→ **What you need to do**
Your answer should consist only of the lines below from the one with "else Fin (midpt" through the one with "text \<open>Midpoint of", copied exactly.

→ **Available data**
(* Let $Q$ be a quadrilateral in $K^2$. The $Q$-pairs of bisectors of $Q$ are precisely the degenerations of the conics in the pencil of $Q$.
   Context: $K$ is a field of characteristic $\neq 2$; we work in $K^2$. Every line $L$ has an equation $tX-uY+v=0$ normalized so that $t=1$ if $u=0$ and $u=1$ if $u\neq 0$; coefficients denoted $t_L,u_L,v_L$. A quadrilateral $Q=ABA'B'$ consists of four distinct lines $A,B,A',B'$ (sides), not all through one point, with adjacent sides ($A,B$; $B,A'$; $A',B'$; $B',A$) not parallel; opposite sides ($A,A'$; $B,B'$) may be parallel. Vertices: $A\cap B$, $B\cap A'$, $A'\cap B'$, $B'\cap A$ (two may coincide if three sides are concurrent). The centroid of $Q$ is the average of the four vertices (equivalently the midpoint of the midpoints of the diagonals). Let $\alpha=t_Au_Bu_{A'}u_{B'}-u_At_Bu_{A'}u_{B'}+u_Au_Bt_{A'}u_{B'}-u_Au_Bu_{A'}t_{B'}$, $\beta=t_Au_Bt_{A'}u_{B'}-u_At_Bu_{A'}t_{B'}$, $\gamma=t_At_Bt_{A'}u_{B'}-t_At_Bu_{A'}t_{B'}+t_Au_Bt_{A'}t_{B'}-u_At_Bt_{A'}t_{B'}$, and $\langle \mathbf v,\mathbf w\rangle_Q=\mathbf v^T\begin{pmatrix}\gamma&-\beta\\-\beta&\alpha\end{pmatrix}\mathbf w$ on $K^2$. Lines $\ell_1,\ell_2$ are $Q$-orthogonal if $\langle (u_{\ell_1},t_{\ell_1}),(u_{\ell_2},t_{\ell_2})\rangle_Q=0$. A line $\ell$ crosses a pair $\{\ell_1,\ell_2\}$ if distinct from both and not parallel to both; $\mathrm{mid}_{\{\ell_1,\ell_2\}}(\ell)$ is the midpoint of the points where $\ell$ meets $\ell_1,\ell_2$ (the point at infinity of $\ell$ if one is at infinity). $\ell$ bisects $Q$ (is a bisector of $Q$) if $\mathrm{mid}_{\mathsf P}(\ell)$ is the same for all pairs $\mathsf P$ among $\{A,A'\},\{B,B'\}$ that $\ell$ crosses; this common point is the midpoint of the bisector. A pair $\{\ell_1,\ell_2\}$ of bisectors (possibly $\ell_1=\ell_2$) is $Q$-antipodal if the midpoint of their midpoints is the centroid of $Q$, and is a $Q$-pair if it is $Q$-antipodal and $Q$-orthogonal. A conic is a quadratic polynomial in $K[X,Y]$. Let $f_1$ be a product of linear polynomials defining $A$ and $A'$, and $f_2$ a product of linear polynomials defining $B$ and $B'$. The pencil of $Q$ is $\{af_1+bf_2: a,b\in K \text{ not both } 0\}$. A pair of lines $\{\ell_1,\ell_2\}$ (possibly $\ell_1=\ell_2$) is a degeneration of a conic $f$ if there is $\lambda\in K$ such that the zero set of $f+\lambda$ is $\ell_1\cup\ell_2$. *)

theory Defs
  imports Main
begin

text \<open>Points of K^2 are pairs. A line with normalized equation t X - u Y + v = 0
  is represented by the triple (t,u,v).\<close>

type_synonym 'a pt = "'a \<times> 'a"
type_synonym 'a ln = "'a \<times> 'a \<times> 'a"

definition tL :: "'a ln \<Rightarrow> 'a" where "tL L = fst L"
definition uL :: "'a ln \<Rightarrow> 'a" where "uL L = fst (snd L)"
definition vL :: "'a ln \<Rightarrow> 'a" where "vL L = snd (snd L)"

definition is_line :: "'a::field ln \<Rightarrow> bool" where
  "is_line L \<longleftrightarrow> (uL L = 0 \<and> tL L = 1) \<or> uL L = 1"

definition lin :: "'a::field ln \<Rightarrow> 'a pt \<Rightarrow> 'a" where
  "lin L p = tL L * fst p - uL L * snd p + vL L"

definition on_line :: "'a::field pt \<Rightarrow> 'a ln \<Rightarrow> bool" where
  "on_line p L \<longleftrightarrow> lin L p = 0"

definition line_set :: "'a::field ln \<Rightarrow> 'a pt set" where
  "line_set L = {p. on_line p L}"

text \<open>Parallel (includes equal lines).\<close>
definition parallel :: "'a::field ln \<Rightarrow> 'a ln \<Rightarrow> bool" where
  "parallel L M \<longleftrightarrow> tL L * uL M - uL L * tL M = 0"

text \<open>Intersection point of two non-parallel lines.\<close>
definition meet :: "'a::field ln \<Rightarrow> 'a ln \<Rightarrow> 'a pt" where
  "meet L M = (THE p. on_line p L \<and> on_line p M)"

definition midpt :: "'a::field pt \<Rightarrow> 'a pt \<Rightarrow> 'a pt" where
  "midpt p q = ((fst p + fst q) / 2, (snd p + snd q) / 2)"

text \<open>Affine points together with points at infinity; the point at infinity
  of a (normalized) line L is represented by Infty (t_L, u_L).\<close>
datatype 'a ppt = Fin "'a \<times> 'a" | Infty "'a \<times> 'a"

definition infpt :: "'a::field ln \<Rightarrow> 'a ppt" where
  "infpt L = Infty (tL L, uL L)"

definition is_quad :: "'a::field ln \<Rightarrow> 'a ln \<Rightarrow> 'a ln \<Rightarrow> 'a ln \<Rightarrow> bool" where
  "is_quad A B A' B' \<longleftrightarrow>
     is_line A \<and> is_line B \<and> is_line A' \<and> is_line B' \<and>
     A \<noteq> B \<and> A \<noteq> A' \<and> A \<noteq> B' \<and> B \<noteq> A' \<and> B \<noteq> B' \<and> A' \<noteq> B' \<and>
     \<not> (\<exists>p. on_line p A \<and> on_line p B \<and> on_line p A' \<and> on_line p B') \<and>
     \<not> parallel A B \<and> \<not> parallel B A' \<and> \<not> parallel A' B' \<and> \<not> parallel B' A"

definition centroid :: "'a::field ln \<Rightarrow> 'a ln \<Rightarrow> 'a ln \<Rightarrow> 'a ln \<Rightarrow> 'a pt" where
  "centroid A B A' B' =
     (let P1 = meet A B; P2 = meet B A'; P3 = meet A' B'; P4 = meet B' A in
      ((fst P1 + fst P2 + fst P3 + fst P4) / 4, (snd P1 + snd P2 + snd P3 + snd P4) / 4))"

definition crosses :: "'a::field ln \<Rightarrow> 'a ln \<Rightarrow> 'a ln \<Rightarrow> bool" where
  "crosses l l1 l2 \<longleftrightarrow> l \<noteq> l1 \<and> l \<noteq> l2 \<and> \<not> (parallel l l1 \<and> parallel l l2)"

text \<open>mid of l with respect to the pair {l1,l2} (meaningful when l crosses the pair).\<close>
definition mid :: "'a::field ln \<Rightarrow> 'a ln \<Rightarrow> 'a ln \<Rightarrow> 'a ppt" where
  "mid l1 l2 l =
     (if parallel l l1 \<or> parallel l l2 then infpt l
      else Fin (midpt (meet l l1) (meet l l2)))"

definition bisects :: "'a::field ln \<Rightarrow> 'a ln \<Rightarrow> 'a ln \<Rightarrow> 'a ln \<Rightarrow> 'a ln \<Rightarrow> bool" where
  "bisects A B A' B' l \<longleftrightarrow> is_line l \<and>
     (crosses l A A' \<and> crosses l B B' \<longrightarrow> mid A A' l = mid B B' l)"

text \<open>Midpoint of a bisector (every line crosses at least one of the pairs).\<close>
definition bis_mid :: "'a::field ln \<Rightarrow> 'a ln \<Rightarrow> 'a ln \<Rightarrow> 'a ln \<Rightarrow> 'a ln \<Rightarrow> 'a ppt" where
  "bis_mid A B A' B' l = (if crosses l A A' then mid A A' l else mid B B' l)"

definition antipodal :: "'a::field ln \<Rightarrow> 'a ln \<Rightarrow> 'a ln \<Rightarrow> 'a ln \<Rightarrow> 'a ln \<Rightarrow> 'a ln \<Rightarrow> bool" where
  "antipodal A B A' B' l1 l2 \<longleftrightarrow>
     (\<exists>p1 p2. bis_mid A B A' B' l1 = Fin p1 \<and> bis_mid A B A' B' l2 = Fin p2 \<and>
              midpt p1 p2 = centroid A B A' B')"

definition qalpha :: "'a::field ln \<Rightarrow> 'a ln \<Rightarrow> 'a ln \<Rightarrow> 'a ln \<Rightarrow> 'a" where
  "qalpha A B A' B' =
     tL A * uL B * uL A' * uL B' - uL A * tL B * uL A' * uL B'
   + uL A * uL B * tL A' * uL B' - uL A * uL B * uL A' * tL B'"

→ **Solution for this exercise**
      else Fin (midpt (meet l l1) (meet l l2)))"

definition bisects :: "'a::field ln \<Rightarrow> 'a ln \<Rightarrow> 'a ln \<Rightarrow> 'a ln \<Rightarrow> 'a ln \<Rightarrow> bool" where
  "bisects A B A' B' l \<longleftrightarrow> is_line l \<and>
     (crosses l A A' \<and> crosses l B B' \<longrightarrow> mid A A' l = mid B B' l)"

text \<open>Midpoint of a bisector (every line crosses at least one of the pairs).\<close>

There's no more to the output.